→ **WHAT IS REQUIRED**
The answer must consist of every line from the data that holds "linarith".

········

(* Let $G$ be a finite group, $p$ a prime, and let $P$ be a Sylow $p$-subgroup of $G$. If $P/O_p(G)$ is cyclic, then $G$ does not have a redundant Sylow $p$-subgroup.
   Context: $O_p(G)$ denotes the largest normal $p$-subgroup of $G$. For a finite group $G$ and a prime $p$, $G_p$ denotes the set of $p$-elements of $G$ and $\mathrm{Syl}_p(G)$ the set of Sylow $p$-subgroups of $G$. $G$ is said to have a redundant Sylow $p$-subgroup if $G_p$ is contained in the union of the members of some proper subset of $\mathrm{Syl}_p(G)$. *)

theory Defs
  imports "HOL-Algebra.Algebra" "HOL-Computational_Algebra.Primes"
begin

definition p_subgroup :: "('a, 'b) monoid_scheme \<Rightarrow> nat \<Rightarrow> 'a set \<Rightarrow> bool" where
  "p_subgroup G p H \<longleftrightarrow> subgroup H G \<and> finite H \<and> (\<exists>n. card H = p ^ n)"

definition Syl :: "('a, 'b) monoid_scheme \<Rightarrow> nat \<Rightarrow> 'a set set" where
  "Syl G p = {P. subgroup P G \<and> card P = p ^ multiplicity p (order G)}"

definition p_elements :: "('a, 'b) monoid_scheme \<Rightarrow> nat \<Rightarrow> 'a set" where
  "p_elements G p = {x \<in> carrier G. \<exists>n. group.ord G x = p ^ n}"

definition O_p :: "('a, 'b) monoid_scheme \<Rightarrow> nat \<Rightarrow> 'a set" where
  "O_p G p = (THE N. N \<lhd> G \<and> p_subgroup G p N \<and>
                 (\<forall>M. M \<lhd> G \<and> p_subgroup G p M \<longrightarrow> M \<subseteq> N))"

definition redundant_sylow :: "('a, 'b) monoid_scheme \<Rightarrow> nat \<Rightarrow> bool" where
  "redundant_sylow G p \<longleftrightarrow> (\<exists>S. S \<subset> Syl G p \<and> p_elements G p \<subseteq> \<Union>S)"

end

theory Submission
  imports Defs
begin

(* Let N = O_p(G); it lies in every Sylow p-subgroup. If the coset N x generates P/N, then every
   Sylow p-subgroup containing x contains N and x, hence P, hence equals P: the p-element x lies in
   P only. By Sylow's conjugacy theorem each Sylow p-subgroup Q is some g P g^-1, and then the
   p-element g x g^-1 lies in Q only. So no Sylow p-subgroup can be left out of a cover of G_p. *)

lemma (in group_action) fixed_point_of_p_group:
  assumes fin: "finite E" and p: "Factorial_Ring.prime p"
    and order: "order G = p ^ n" and not_dvd: "\<not> p dvd card E"
  shows "\<exists>x\<in>E. \<forall>g\<in>carrier G. \<phi> g x = x"
proof (rule ccontr)
  assume no_fixed: "\<not> ?thesis"
  have "p dvd card orb" if orb: "orb \<in> orbits G E \<phi>" for orb
  proof -
    obtain x where x: "x \<in> E" and orb_eq: "orb = orbit G \<phi> x"
      using orb unfolding orbits_def by blast
    obtain g where g: "g \<in> carrier G" and moved: "\<phi> g x \<noteq> x"
      using no_fixed x by blast
    have "{x, \<phi> g x} \<subseteq> orb"
      using orb_eq orbit_refl[OF x] g unfolding orbit_def by auto
    moreover have "finite orb"
      using orb_eq element_image[OF _ x] fin unfolding orbit_def
      by (auto intro: finite_subset)
    ultimately have "card orb \<noteq> 1"
      using moved by (metis card_1_singletonE insert_subset singletonD)
    moreover have "card orb dvd p ^ n"
      using orbit_stabilizer_theorem[OF x] order orb_eq by (metis dvd_triv_left)
    then obtain i where "card orb = p ^ i"
      using divides_primepow_nat[OF p] by blast
    ultimately show ?thesis by (cases i) auto
  qed
  then have "p dvd (\<Sum>orb\<in>orbits G E \<phi>. \<Sum>x\<in>orb. (1::nat))"
    by (simp add: dvd_sum)
  then show False
    using disjoint_sum[OF fin, of "\<lambda>_. 1::nat"] not_dvd by simp
qed

(* Translation by inv g rather than g, so that right translation becomes a left action. *)
lemma (in group) rcosets_translation_action:
  assumes H: "subgroup H G"
  shows "group_action G (rcosets H) (\<lambda>g. \<lambda>Y\<in>rcosets H. Y #> inv g)"
proof -
  have H_sub: "H \<subseteq> carrier G" using H subgroup.subset by blast
  have coset_sub: "Y \<subseteq> carrier G" if "Y \<in> rcosets H" for Y
    using subgroup.rcosets_carrier[OF H is_group that] .
  have closed: "Y #> g \<in> rcosets H" if Y: "Y \<in> rcosets H" and g: "g \<in> carrier G" for Y g
  proof -
    obtain a where a: "a \<in> carrier G" "Y = H #> a" using Y unfolding RCOSETS_def by blast
    then have "Y #> g = H #> (a \<otimes> g)" using g coset_mult_assoc H_sub by simp
    then show ?thesis using rcosetsI H_sub a g by simp
  qed
  have bij: "(\<lambda>Y\<in>rcosets H. Y #> inv g) \<in> Bij (rcosets H)" if g: "g \<in> carrier G" for g
  proof -
    have "bij_betw (\<lambda>Y. Y #> inv g) (rcosets H) (rcosets H)"
      by (rule bij_betw_byWitness[where f' = "\<lambda>Y. Y #> g"])
        (use coset_sub closed g in \<open>auto simp: coset_mult_assoc\<close>)
    then show ?thesis
      unfolding Bij_def by (simp add: bij_betw_cong[of _ "restrict _ _"])
  qed
  have mult: "(\<lambda>Y\<in>rcosets H. Y #> inv (g \<otimes> h))
      = compose (rcosets H) (\<lambda>Y\<in>rcosets H. Y #> inv g) (\<lambda>Y\<in>rcosets H. Y #> inv h)"
    if g: "g \<in> carrier G" and h: "h \<in> carrier G" for g h
  proof (rule ext)
    fix Y
    show "(\<lambda>Y\<in>rcosets H. Y #> inv (g \<otimes> h)) Y
        = compose (rcosets H) (\<lambda>Y\<in>rcosets H. Y #> inv g) (\<lambda>Y\<in>rcosets H. Y #> inv h) Y"
      using coset_sub[of Y] closed[of Y "inv h"] g h
      by (simp add: compose_def coset_mult_assoc inv_mult_group)
  qed
  show ?thesis
    unfolding group_action_def group_hom_def group_hom_axioms_def
    using bij mult group_BijGroup by (auto intro!: homI is_group simp: BijGroup_def)
qed

lemma (in second_isomorphism_grp) card_set_mult_mult_card_inter:
  "card (H <#> S) * card (H \<inter> S) = card H * card S"
proof -
  have S_grp: "group (G\<lparr>carrier := S\<rparr>)" using subgrpS subgroup_imp_group by blast
  have HS_sub: "subgroup (H <#> S) G" by (rule normal_set_mult_subgroup)
  have HS_grp: "group (G\<lparr>carrier := H <#> S\<rparr>)" using HS_sub subgroup_imp_group by blast
  have inter_sub: "subgroup (H \<inter> S) (G\<lparr>carrier := S\<rparr>)"
    using normal_imp_subgroup[OF normal_subgrp_intersection_normal] by (simp add: Int_commute)
  have H_sub: "subgroup H (G\<lparr>carrier := H <#> S\<rparr>)"
    using normal_restrict_supergroup[OF HS_sub normal_axioms H_contained_in_set_mult]
    by (rule normal_imp_subgroup)
  define index where "index = card (rcosets\<^bsub>G\<lparr>carrier := S\<rparr>\<^esub> (H \<inter> S))"
  have card_S: "card S = index * card (H \<inter> S)"
    using group.lagrange[OF S_grp inter_sub] by (simp add: order_def index_def)
  have "(G\<lparr>carrier := S\<rparr>) Mod (H \<inter> S) \<cong> (G\<lparr>carrier := H <#> S\<rparr>) Mod H"
    using normal_intersection_quotient_isom unfolding is_iso_def by blast
  then have "index = card (rcosets\<^bsub>G\<lparr>carrier := H <#> S\<rparr>\<^esub> H)"
    using iso_same_card unfolding index_def by (fastforce simp: FactGroup_def)
  then have card_HS: "card (H <#> S) = index * card H"
    using group.lagrange[OF HS_grp H_sub] by (simp add: order_def)
  show ?thesis unfolding card_S card_HS by (simp add: ac_simps)
qed
lemma Npoly_fst_zero: "{k \<in> Npoly f. fst k = 0} = (if xmin f = 0 then {last_term f} else {})"
proof (cases "xmin f = 0")
  case True
  have fst_last: "fst (last_term f) = 0" using fst_last_term True by simp
  have "k = last_term f" if "k \<in> Npoly f" "fst k = 0" for k
    using inj_onD[OF inj_on_fst_Npoly, of k "last_term f"] that last_term_in_Npoly fst_last by simp
  then show ?thesis
    unfolding if_P[OF True] using last_term_in_Npoly fst_last by blast
next
  case False
  have "fst k \<noteq> 0" if "k \<in> Npoly f" for k
    using xmin_le_fst[OF that] False by linarith
  then show ?thesis unfolding if_not_P[OF False] by blast
qed

lemma Npoly_snd_zero:
  "{k \<in> Npoly f. snd k = 0} = (if snd (first_term f) = 0 then {first_term f} else {})"
proof (cases "snd (first_term f) = 0")
  case True
  have "k = first_term f" if "k \<in> Npoly f" "snd k = 0" for k
    using inj_onD[OF inj_on_snd_Npoly, of k "first_term f"] that first_term_in_Npoly True by simp
  then show ?thesis unfolding if_P[OF True] using True first_term_in_Npoly by blast
next
  case False
  have "snd k \<noteq> 0" if "k \<in> Npoly f" for k
    using snd_first_term_le[OF that] False by linarith
  then show ?thesis unfolding if_not_P[OF False] by blast
qed

lemma peval_x_zero: "peval f 0 y = (if xmin f = 0 then f (last_term f) * y ^ snd (last_term f) else 0)"
  by (simp add: peval_x_zero_eq_sum[OF finite_Npoly] Npoly_fst_zero)

lemma peval_y_zero:
  "peval f x 0 = (if snd (first_term f) = 0 then f (first_term f) * x ^ fst (first_term f) else 0)"
  by (simp add: peval_y_zero_eq_sum[OF finite_Npoly] Npoly_snd_zero)

(* Coprimality makes A_2 divide the x-exponent gap to the first term, so the division in
   charpoly is exact. *)
lemma exponents_from_first_term:
  assumes coprime: "coprime (fst A) (snd A)" and k: "k \<in> Npoly f"
  defines "m \<equiv> (xmax f - fst k) div snd A"
  shows "fst (first_term f) = fst k + snd A * m" "snd k = snd (first_term f) + fst A * m"
proof -
  define K where "K = first_term f"
  have fst_le: "fst k \<le> fst K" and snd_le: "snd K \<le> snd k"
    using fst_le_xmax[OF k] fst_first_term snd_first_term_le[OF k] by (simp_all add: K_def)
  have "fst A * fst k + snd A * snd k = fst A * fst K + snd A * snd K"
    using ip_Npoly[OF k] ip_Npoly[OF first_term_in_Npoly] by (simp add: ip_def K_def)
  then have balance: "fst A * (fst K - fst k) = snd A * (snd k - snd K)"
    using fst_le snd_le by (simp add: diff_mult_distrib2)
  then have "snd A dvd fst K - fst k"
    using coprime by (metis coprime_commute coprime_dvd_mult_right_iff dvd_triv_left)
  then have fst_diff: "fst K - fst k = snd A * m"
    by (simp add: m_def K_def fst_first_term)
  then have "snd A * (fst A * m) = snd A * (snd k - snd K)"
    using balance by (metis mult.left_commute)
  then have "snd k - snd K = fst A * m" using weight_Npos2 by (simp add: Npos2_def)
  then show "fst (first_term f) = fst k + snd A * m" "snd k = snd (first_term f) + fst A * m"
    using fst_diff fst_le snd_le by (simp_all add: K_def)
qed
(* Let $P,Q,R$ be plane posets. (1) $P\triangleleft Q\leq R$ if and only if there exists a biideal $I_0$ of $R$ such that $P\leq R\setminus I_0$ and $Q\leq I_0$. Moreover, if this holds, $I_0$ is unique and $I_0=\theta_{PQ,R}(Q)$. (2) $PQ\leq R$ if and only if there exists a plane subposet $I_0$ of $R$ such that $R=(R\setminus I_0)I_0$, $P\leq R\setminus I_0$ and $Q\leq I_0$. Moreover, if this holds, $I_0$ is unique and $I_0=\theta_{P\triangleleft Q,R}(Q)$. (3) $\iota(PQ)\leq R$ if and only if there exists a biideal $I_0$ of $R$ such that $\iota(R\setminus I_0)\leq P$ and $\iota(I_0)\leq Q$. Moreover, if this holds, $I_0$ is unique and $I_0=\theta_{PQ,R}(Q)$. (4) $\iota(P\triangleleft Q)\leq R$ if and only if there exists a plane subposet $I_0$ of $R$ such that $R=(R\setminus I_0)I_0$, $\iota(R\setminus I_0)\leq P$ and $\iota(I_0)\leq Q$. Moreover, if this holds, $I_0$ is unique and $I_0=\theta_{P\triangleleft Q,R}(Q)$.
   Context: A plane poset is a finite set with two partial orders $\leq_h,\leq_r$ such that two distinct elements are $\leq_h$-comparable iff they are not $\leq_r$-comparable, considered up to isomorphism; a subset with the restricted orders is a plane subposet. On a plane poset, $x\leq y$ iff ($x\leq_h y$ or $x\leq_r y$) is a total order (known fact). For plane posets $P,Q$ of the same cardinality, $\theta_{P,Q}$ is the increasing bijection $P\to Q$ for these total orders, and $P\leq Q$ means: for all $x,y\in P$, $\theta_{P,Q}(x)\leq_h\theta_{P,Q}(y)$ in $Q$ implies $x\leq_h y$ in $P$ (the relation $\leq$ is only defined between plane posets of the same cardinality). A biideal of $P$ is a subset $I$ such that $x\in I$ and ($x\leq_h y$ or $x\leq_r y$) imply $y\in I$. $PQ$ is the plane poset on $P\sqcup Q$ in which $P,Q$ are plane subposets, no element of $P$ is $\leq_h$-comparable to an element of $Q$, and $x<_r y$ for all $x\in P,y\in Q$; $P\triangleleft Q$ is defined likewise with $x<_h y$ for all $x\in P,y\in Q$ and no $\leq_r$-comparabilities between $P$ and $Q$. For a plane subposet $I_0$ of $R$, $R=(R\setminus I_0)I_0$ means $R$ equals the product $PQ$-type construction of its plane subposets $R\setminus I_0$ and $I_0$. $\iota(P)=(P,\leq_r,\leq_h)$ exchanges the two orders. *)

theory Defs
  imports Main
begin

········

→ **WRITTEN REPLY**
    using xmin_le_fst[OF that] False by linarith
    using snd_first_term_le[OF that] False by linarith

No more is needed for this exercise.